# Activity:
Print the first line of the data below and every one after it, through the line containing "obtain n where", exactly as written.

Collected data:
┌────────

lemma countable_dense_cont_funs:
  assumes cK: "compact (UNIV :: 'k set)"
  obtains H :: "('k::{second_countable_topology, t2_space} \<Rightarrow> real) set"
  where "countable H" and "H \<subseteq> cont_funs" and "\<And>f. f \<in> cont_funs \<Longrightarrow> uniformly_approximable H f"
proof -
  obtain G :: "('k \<Rightarrow> real) set" where G: "countable G" "G \<subseteq> cont_funs"
    and separating: "\<And>x y. x \<noteq> y \<Longrightarrow> \<exists>g\<in>G. g x \<noteq> g y"
    using countable_point_separating_cont_funs[OF cK] by blast
  \<comment> \<open>\<open>from_nat_into\<close> enumerates only nonempty countable sets.\<close>
  define g where "g = from_nat_into (insert (\<lambda>_. 0) G)"
  have range_g: "range g = insert (\<lambda>_. 0) G"
    unfolding g_def using G(1) by (intro range_from_nat_into) auto
  have "continuous_on UNIV (g n)" for n
    using range_g G(2) rangeI[of g n] by (auto simp: cont_funs_def)
  then have "range (eval_ring_expr g) \<subseteq> cont_funs"
    by (auto simp: cont_funs_def continuous_on_eval_ring_expr)
  moreover have "uniformly_approximable (range (eval_ring_expr g)) f" if "f \<in> cont_funs" for f
  proof (rule Stone_Weierstrass_uniformly_approximable[OF cK \<open>range (eval_ring_expr g) \<subseteq> cont_funs\<close>])
    show "\<exists>h\<in>range (eval_ring_expr g). h x \<noteq> h y" if xy: "x \<noteq> y" for x y
    proof -
      obtain n where "g n x \<noteq> g n y"
        using separating[OF xy] range_g by (metis insertCI rangeE)
      then show ?thesis
        using generator_in_range_eval_ring_expr by blast
    qed
  qed (use that in \<open>simp_all add: add_in_range_eval_ring_expr mult_in_range_eval_ring_expr
    const_in_range_eval_ring_expr\<close>)
  ultimately show ?thesis
    using that[of "range (eval_ring_expr g)"] by simp
qed

section \<open>A countable base of the weak topology\<close>

definition weak_basic_set :: "(('k::topological_space \<Rightarrow> real) \<times> real \<times> real) set \<Rightarrow> 'k measure set" where
  "weak_basic_set S = {M \<in> borel_prob_measures. \<forall>(h, a, b) \<in> S. (\<integral>x. h x \<partial>M) \<in> {a<..<b}}"

lemma weak_basic_set_Un: "weak_basic_set (S \<union> T) = weak_basic_set S \<inter> weak_basic_set T"
  unfolding weak_basic_set_def ball_Un by blast

text \<open>Choose \<open>h \<in> H\<close> within \<open>r/3\<close> of \<open>f\<close> and a rational interval of length at most \<open>2r/3\<close>
  around \<open>\<integral>h dM\<^sub>0\<close>, where \<open>r\<close> is the radius of a ball around \<open>\<integral>f dM\<^sub>0\<close> inside \<open>U\<close>.\<close>

lemma weak_basic_set_refines_subbasic:
  fixes H :: "('k::topological_space \<Rightarrow> real) set"
  assumes cK: "compact (UNIV :: 'k set)" and "H \<subseteq> cont_funs"
    and dense: "\<And>f. f \<in> cont_funs \<Longrightarrow> uniformly_approximable H f"
    and f: "f \<in> cont_funs" and "open U"
    and M0: "M0 \<in> borel_prob_measures" "(\<integral>x. f x \<partial>M0) \<in> U"
  obtains h a b where "h \<in> H" "a \<in> \<rat>" "b \<in> \<rat>" "M0 \<in> weak_basic_set {(h, a, b)}"
    "weak_basic_set {(h, a, b)} \<subseteq> {M \<in> borel_prob_measures. (\<integral>x. f x \<partial>M) \<in> U}"
proof -
  obtain r where "r > 0" and r: "ball (\<integral>x. f x \<partial>M0) r \<subseteq> U"
    using \<open>open U\<close> M0(2) open_contains_ball by blast
  define e where "e = r / 3"
  have "e > 0"
    using \<open>r > 0\<close> by (simp add: e_def)
  obtain h where h: "h \<in> H" "\<forall>x. \<bar>f x - h x\<bar> < e"
    using dense[OF f] \<open>e > 0\<close> unfolding uniformly_approximable_def by blast
  have integral_close: "\<bar>(\<integral>x. f x \<partial>M) - (\<integral>x. h x \<partial>M)\<bar> \<le> e" if "M \<in> borel_prob_measures" for M
    using abs_integral_diff_le[OF cK that f] h \<open>H \<subseteq> cont_funs\<close> by (simp add: less_imp_le subset_iff)
  define c where "c = (\<integral>x. h x \<partial>M0)"
  obtain a where a: "a \<in> \<rat>" "c - e < a" "a < c"
    using Rats_dense_in_real[of "c - e" c] \<open>e > 0\<close> by auto
  obtain b where b: "b \<in> \<rat>" "c < b" "b < c + e"
    using Rats_dense_in_real[of c "c + e"] \<open>e > 0\<close> by auto
  show ?thesis
  proof (rule that[OF h(1) a(1) b(1)])
    show "M0 \<in> weak_basic_set {(h, a, b)}"
      using M0(1) a b unfolding weak_basic_set_def c_def by simp
    show "weak_basic_set {(h, a, b)} \<subseteq> {M \<in> borel_prob_measures. (\<integral>x. f x \<partial>M) \<in> U}"
    proof
      fix M assume "M \<in> weak_basic_set {(h, a, b)}"
      then have M: "M \<in> borel_prob_measures" "a < (\<integral>x. h x \<partial>M)" "(\<integral>x. h x \<partial>M) < b"
        unfolding weak_basic_set_def by auto
      have "\<bar>(\<integral>x. f x \<partial>M) - (\<integral>x. f x \<partial>M0)\<bar> < r"
        using integral_close[OF M(1), unfolded abs_le_iff] integral_close[OF M0(1), unfolded abs_le_iff]
          M(2,3) a b
        unfolding c_def e_def abs_less_iff by linarith
      then have "(\<integral>x. f x \<partial>M) \<in> U"
        using r by (simp add: dist_real_def abs_minus_commute subset_iff)
      then show "M \<in> {M \<in> borel_prob_measures. (\<integral>x. f x \<partial>M) \<in> U}"
        using M(1) by simp
    qed
  qed
qed

definition finite_rational_indices :: "('k \<Rightarrow> real) set \<Rightarrow> (('k \<Rightarrow> real) \<times> real \<times> real) set set" where
  "finite_rational_indices H = {S. finite S \<and> S \<subseteq> H \<times> \<rat> \<times> \<rat>}"

lemma countable_finite_rational_indices:
  "countable H \<Longrightarrow> countable (finite_rational_indices H)"
  unfolding finite_rational_indices_def
  by (intro countable_Collect_finite_subset countable_SIGMA countable_rat)

lemma weak_topology_neighbourhood_base:
  fixes H :: "('k::topological_space \<Rightarrow> real) set"
  assumes cK: "compact (UNIV :: 'k set)" and HC: "H \<subseteq> cont_funs"
    and dense: "\<And>f. f \<in> cont_funs \<Longrightarrow> uniformly_approximable H f"
    and "openin weak_topology Op" and "M \<in> Op"
  obtains S where "S \<in> finite_rational_indices H" "M \<in> weak_basic_set S" "weak_basic_set S \<subseteq> Op"
proof -
  have "generate_topology_on
      {{M \<in> borel_prob_measures. (\<integral>x. f x \<partial>M) \<in> U} | f U. f \<in> cont_funs \<and> open U} Op"
    using \<open>openin weak_topology Op\<close> by (simp add: weak_topology_def openin_topology_generated_by_iff)
  then have "\<forall>M\<in>Op. \<exists>S\<in>finite_rational_indices H. M \<in> weak_basic_set S \<and> weak_basic_set S \<subseteq> Op"
  proof (induction rule: generate_topology_on.induct)
    case Empty
    then show ?case
      by simp
  next
    case (Int O1 O2)
    show ?case
    proof
      fix M assume "M \<in> O1 \<inter> O2"
      then obtain S1 S2 where "S1 \<in> finite_rational_indices H" "M \<in> weak_basic_set S1" "weak_basic_set S1 \<subseteq> O1"
        and "S2 \<in> finite_rational_indices H" "M \<in> weak_basic_set S2" "weak_basic_set S2 \<subseteq> O2"
        using Int.IH by (meson IntD1 IntD2)
      then show "\<exists>S\<in>finite_rational_indices H. M \<in> weak_basic_set S \<and> weak_basic_set S \<subseteq> O1 \<inter> O2"
        by (intro bexI[of _ "S1 \<union> S2"]) (auto simp: weak_basic_set_Un finite_rational_indices_def)
    qed
  next
    case (UN K)
    then show ?case
      by (meson UnionE Union_upper order_trans)
  next
    case (Basis s)
    then obtain f U where s: "s = {M \<in> borel_prob_measures. (\<integral>x. f x \<partial>M) \<in> U}"
      and "f \<in> cont_funs" "open U"
      by blast
    show ?case
    proof
      fix M assume "M \<in> s"
      then obtain h a b where "h \<in> H" "a \<in> \<rat>" "b \<in> \<rat>" "M \<in> weak_basic_set {(h, a, b)}"
        "weak_basic_set {(h, a, b)} \<subseteq> s"
        using weak_basic_set_refines_subbasic[OF cK HC dense \<open>f \<in> cont_funs\<close> \<open>open U\<close>] s by blast
      then show "\<exists>S\<in>finite_rational_indices H. M \<in> weak_basic_set S \<and> weak_basic_set S \<subseteq> s"
        by (intro bexI[of _ "{(h, a, b)}"]) (auto simp: finite_rational_indices_def)
    qed
  qed
  then show ?thesis
    using that \<open>M \<in> Op\<close> by blast
qed

lemma topspace_weak_topology: "topspace weak_topology = borel_prob_measures"
proof -
  have "(\<lambda>_. 0) \<in> cont_funs"
    by (simp add: cont_funs_def)
  then have "borel_prob_measures \<in>
      {{M \<in> borel_prob_measures. (\<integral>x. f x \<partial>M) \<in> U} | f U. f \<in> cont_funs \<and> open U}"
    by (intro CollectI exI[of _ "\<lambda>_. 0"] exI[of _ UNIV]) auto
  then show ?thesis
    unfolding weak_topology_def topology_generated_by_topspace by blast
qed

lemma measurable_vimage_weak_basic_set:
  assumes prob: "\<And>p. p \<in> space N \<Longrightarrow> \<Phi> p \<in> borel_prob_measures" and "finite S"
    and integral_measurable: "\<And>h a b. (h, a, b) \<in> S \<Longrightarrow> (\<lambda>p. \<integral>z. h z \<partial>\<Phi> p) \<in> borel_measurable N"
  shows "\<Phi> -` weak_basic_set S \<inter> space N \<in> sets N"
proof -
  have "\<Phi> -` weak_basic_set S \<inter> space N = {p \<in> space N. \<forall>(h, a, b) \<in> S. (\<integral>z. h z \<partial>\<Phi> p) \<in> {a<..<b}}"
    using prob unfolding weak_basic_set_def by auto
  also have "\<dots> \<in> sets N"
  proof (rule predE, rule pred_intros_finite[OF \<open>finite S\<close>])
    fix t assume "t \<in> S"
    then obtain h a b where t: "t = (h, a, b)" "(h, a, b) \<in> S"
      by (cases t) auto
    have "Measurable.pred N (\<lambda>p. (\<integral>z. h z \<partial>\<Phi> p) \<in> {a<..<b})"
      by (rule pred_sets2[OF _ integral_measurable[OF t(2)]]) simp
    then show "Measurable.pred N (\<lambda>p. case t of (h, a, b) \<Rightarrow> (\<integral>z. h z \<partial>\<Phi> p) \<in> {a<..<b})"
      unfolding t(1) by simp
  qed
  finally show ?thesis .
qed

lemma measurable_weak_topologyI:
  fixes \<Phi> :: "'a \<Rightarrow> 'k::{second_countable_topology, t2_space} measure"
  assumes cK: "compact (UNIV :: 'k set)"
    and prob: "\<And>p. p \<in> space N \<Longrightarrow> \<Phi> p \<in> borel_prob_measures"
    and integral_measurable: "\<And>g. g \<in> cont_funs \<Longrightarrow> (\<lambda>p. \<integral>z. g z \<partial>\<Phi> p) \<in> borel_measurable N"
  shows "\<Phi> \<in> N \<rightarrow>\<^sub>M borel_of weak_topology"
  unfolding borel_of_def topspace_weak_topology
proof (rule measurable_measure_of)
  show "{U. openin weak_topology U} \<subseteq> Pow borel_prob_measures"
    using openin_subset topspace_weak_topology by auto
  show "\<Phi> \<in> space N \<rightarrow> borel_prob_measures"
    using prob by auto
  obtain H :: "('k \<Rightarrow> real) set" where "countable H" "H \<subseteq> cont_funs"
    and dense: "\<And>f. f \<in> cont_funs \<Longrightarrow> uniformly_approximable H f"
    using countable_dense_cont_funs[OF cK] by blast
  fix Op :: "'k measure set" assume "Op \<in> {U. openin weak_topology U}"
  then have "openin weak_topology Op"
    by simp
  have "\<Phi> -` Op \<inter> space N =
      (\<Union>S \<in> {S \<in> finite_rational_indices H. weak_basic_set S \<subseteq> Op}. \<Phi> -` weak_basic_set S \<inter> space N)"
    (is "?L = ?R")
  proof
    show "?R \<subseteq> ?L"
      by blast
    show "?L \<subseteq> ?R"
    proof
      fix p assume "p \<in> ?L"
      then have "\<Phi> p \<in> Op" "p \<in> space N"
        by auto
      obtain S where "S \<in> finite_rational_indices H" "\<Phi> p \<in> weak_basic_set S" "weak_basic_set S \<subseteq> Op"
        by (rule weak_topology_neighbourhood_base[OF cK \<open>H \<subseteq> cont_funs\<close> dense
              \<open>openin weak_topology Op\<close> \<open>\<Phi> p \<in> Op\<close>])
      then show "p \<in> ?R"
        using \<open>p \<in> space N\<close> by blast
    qed
  qed
  also have "\<dots> \<in> sets N"
  proof (intro sets.countable_UN'' ballI)
    show "countable {S \<in> finite_rational_indices H. weak_basic_set S \<subseteq> Op}"
      using countable_finite_rational_indices[OF \<open>countable H\<close>] by (rule countable_subset[rotated]) auto
    fix S assume "S \<in> {S \<in> finite_rational_indices H. weak_basic_set S \<subseteq> Op}"
    then have "finite S" "S \<subseteq> cont_funs \<times> UNIV"
      using \<open>H \<subseteq> cont_funs\<close> by (auto simp: finite_rational_indices_def)
    then show "\<Phi> -` weak_basic_set S \<inter> space N \<in> sets N"
      using prob integral_measurable by (intro measurable_vimage_weak_basic_set) auto
  qed
  finally show "\<Phi> -` Op \<inter> space N \<in> sets N" .
qed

└────────

# Result:
lemma countable_dense_cont_funs:
  assumes cK: "compact (UNIV :: 'k set)"
  obtains H :: "('k::{second_countable_topology, t2_space} \<Rightarrow> real) set"
  where "countable H" and "H \<subseteq> cont_funs" and "\<And>f. f \<in> cont_funs \<Longrightarrow> uniformly_approximable H f"
proof -
  obtain G :: "('k \<Rightarrow> real) set" where G: "countable G" "G \<subseteq> cont_funs"
    and separating: "\<And>x y. x \<noteq> y \<Longrightarrow> \<exists>g\<in>G. g x \<noteq> g y"
    using countable_point_separating_cont_funs[OF cK] by blast
  \<comment> \<open>\<open>from_nat_into\<close> enumerates only nonempty countable sets.\<close>
  define g where "g = from_nat_into (insert (\<lambda>_. 0) G)"
  have range_g: "range g = insert (\<lambda>_. 0) G"
    unfolding g_def using G(1) by (intro range_from_nat_into) auto
  have "continuous_on UNIV (g n)" for n
    using range_g G(2) rangeI[of g n] by (auto simp: cont_funs_def)
  then have "range (eval_ring_expr g) \<subseteq> cont_funs"
    by (auto simp: cont_funs_def continuous_on_eval_ring_expr)
  moreover have "uniformly_approximable (range (eval_ring_expr g)) f" if "f \<in> cont_funs" for f
  proof (rule Stone_Weierstrass_uniformly_approximable[OF cK \<open>range (eval_ring_expr g) \<subseteq> cont_funs\<close>])
    show "\<exists>h\<in>range (eval_ring_expr g). h x \<noteq> h y" if xy: "x \<noteq> y" for x y
    proof -
      obtain n where "g n x \<noteq> g n y"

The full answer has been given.